Pope Francis injected himself into the
U.S. presidential race Thursday suggesting
Republican frontrunner
Donald Trump is not
Christian because of his proposal to build a wall along the southern
U.S. border with
Mexico.
The wall will be intended to keep out illegal migrants headed for the United States.
Trump, a Presbyterian, said at a campaign rally that the pope's comments were, in his words, "not a nice thing to say and disgraceful.”
The remark by Pope Francis comes just two days ahead of a crucial party nominating contest in the state of
South Carolina, where political surveys show Trump with a commanding lead over five Republican challengers.
Authorities in
Ghana say at least 53 people died in a collision between a bus and a truck on a highway north of the capital,
Accra.
It is believed to be one of Ghana's worst road accidents in years.
The White House says President Barack Obama has started a process of finding a nominee to replace the late
Supreme Court Justice Antonin Scalia.

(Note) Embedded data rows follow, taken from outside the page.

lemma mixed_partials_agree_nearby:
  fixes f :: "real^'n::finite \<Rightarrow> real"
  assumes f: "\<And>y. f differentiable (at y)"
    and fi: "\<And>y. partial i f differentiable (at y)" and fj: "\<And>y. partial j f differentiable (at y)"
    and "h > 0"
  obtains y z where "dist y x < 2 * h" "dist z x < 2 * h"
    "partial j (partial i f) y = partial i (partial j f) z"
proof -
  let ?ei = "axis i 1 :: real^'n" and ?ej = "axis j 1 :: real^'n"
  have near: "dist (x + s *\<^sub>R axis a 1 + t *\<^sub>R axis b 1) x < 2 * h"
    if "0 < s" "s < h" "0 < t" "t < h" for s t and a b :: 'n
  proof -
    have "dist (x + s *\<^sub>R axis a 1 + t *\<^sub>R axis b 1) x = norm (s *\<^sub>R axis a 1 + t *\<^sub>R axis b 1 :: real^'n)"
      by (simp add: dist_norm)
    also have "\<dots> \<le> \<bar>s\<bar> + \<bar>t\<bar>"
      using norm_triangle_ineq[of "s *\<^sub>R axis a 1" "t *\<^sub>R axis b 1 :: real^'n"] by simp
    also have "\<dots> < 2 * h"
      using that by simp
    finally show ?thesis .
  qed
  obtain s1 t1 where st1: "0 < s1" "s1 < h" "0 < t1" "t1 < h" and
    E1: "f (x + h *\<^sub>R ?ei + h *\<^sub>R ?ej) - f (x + h *\<^sub>R ?ei) - f (x + h *\<^sub>R ?ej) + f x
      = h\<^sup>2 * partial j (partial i f) (x + s1 *\<^sub>R ?ei + t1 *\<^sub>R ?ej)"
    using second_difference_mean_value[OF f fi \<open>h > 0\<close>] .
  obtain s2 t2 where st2: "0 < s2" "s2 < h" "0 < t2" "t2 < h" and
    E2: "f (x + h *\<^sub>R ?ej + h *\<^sub>R ?ei) - f (x + h *\<^sub>R ?ej) - f (x + h *\<^sub>R ?ei) + f x
      = h\<^sup>2 * partial i (partial j f) (x + s2 *\<^sub>R ?ej + t2 *\<^sub>R ?ei)"
    using second_difference_mean_value[OF f fj \<open>h > 0\<close>] .
  have swap: "x + h *\<^sub>R ?ej + h *\<^sub>R ?ei = x + h *\<^sub>R ?ei + h *\<^sub>R ?ej"
    by (simp add: add_ac)
  have "h\<^sup>2 * partial j (partial i f) (x + s1 *\<^sub>R ?ei + t1 *\<^sub>R ?ej)
      = h\<^sup>2 * partial i (partial j f) (x + s2 *\<^sub>R ?ej + t2 *\<^sub>R ?ei)"
    using E1 E2 unfolding swap by linarith
  with \<open>h > 0\<close> have "partial j (partial i f) (x + s1 *\<^sub>R ?ei + t1 *\<^sub>R ?ej)
      = partial i (partial j f) (x + s2 *\<^sub>R ?ej + t2 *\<^sub>R ?ei)"
    by simp
  with near[OF st1] near[OF st2] show ?thesis
    by (rule that)
qed

lemma partial_commute:
  fixes f :: "real^'n::finite \<Rightarrow> real"
  assumes f: "\<And>y. f differentiable (at y)"
    and fi: "\<And>y. partial i f differentiable (at y)" and fj: "\<And>y. partial j f differentiable (at y)"
    and cont_ij: "continuous (at x) (partial j (partial i f))"
    and cont_ji: "continuous (at x) (partial i (partial j f))"
  shows "partial i (partial j f) x = partial j (partial i f) x"
proof -
  have "\<bar>partial i (partial j f) x - partial j (partial i f) x\<bar> \<le> e" if "e > 0" for e
  proof -
    have "e / 2 > 0"
      using \<open>e > 0\<close> by simp
    then obtain d1 where "d1 > 0"
      and d1: "\<And>y. dist y x < d1 \<Longrightarrow> \<bar>partial j (partial i f) y - partial j (partial i f) x\<bar> < e / 2"
      using cont_ij unfolding continuous_at_eps_delta dist_real_def by blast
    obtain d2 where "d2 > 0"
      and d2: "\<And>y. dist y x < d2 \<Longrightarrow> \<bar>partial i (partial j f) y - partial i (partial j f) x\<bar> < e / 2"
      using cont_ji \<open>e / 2 > 0\<close> unfolding continuous_at_eps_delta dist_real_def by blast
    have "min d1 d2 / 2 > 0"
      using \<open>d1 > 0\<close> \<open>d2 > 0\<close> by simp
    then obtain y z where near: "dist y x < 2 * (min d1 d2 / 2)" "dist z x < 2 * (min d1 d2 / 2)"
      and yz: "partial j (partial i f) y = partial i (partial j f) z"
      using mixed_partials_agree_nearby[OF f fi fj] by blast
    have "\<bar>partial j (partial i f) y - partial j (partial i f) x\<bar> < e / 2"
      and "\<bar>partial i (partial j f) z - partial i (partial j f) x\<bar> < e / 2"
      using d1 d2 near by simp_all
    with yz show ?thesis
      by linarith
  qed
  then show ?thesis
    using dense_eq0_I[of "partial i (partial j f) x - partial j (partial i f) x"] by simp
qed

lemma iter_partial_append: "iter_partial (is @ [i]) f = iter_partial is (partial i f)"
  by (induction "is") simp_all

lemma smooth_fun_partial: "smooth_fun f \<Longrightarrow> smooth_fun (partial i f)"
  unfolding smooth_fun_def by (metis iter_partial_append)

lemma smooth_fun_differentiable: "smooth_fun f \<Longrightarrow> f differentiable (at x)"
  unfolding smooth_fun_def by (metis iter_partial.simps(1))

lemma smooth_fun_partial_commute:
  assumes "smooth_fun f"
  shows "partial i (partial j f) x = partial j (partial i f) x"
  using assms by (intro partial_commute smooth_fun_differentiable smooth_fun_partial
      differentiable_imp_continuous_within)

Spokesman
Josh Earnest said Thursday that Mr. Obama intends to nominate someone quickly.
But
Senate Majority Leader Mitch McConnell says there will be no confirmation hearings for any
Obama nominee. Many
Republicans think the next president should make the nomination.
The White House insists the
Senate is obligated to consider a new justice.
On
Wall Street, U.S. stock indexes were up at the close of, down, rather, at the close of trade today.
In Europe, stocks were mixed.
I'm David DeForest in Washington.
That's the latest world news from VOA.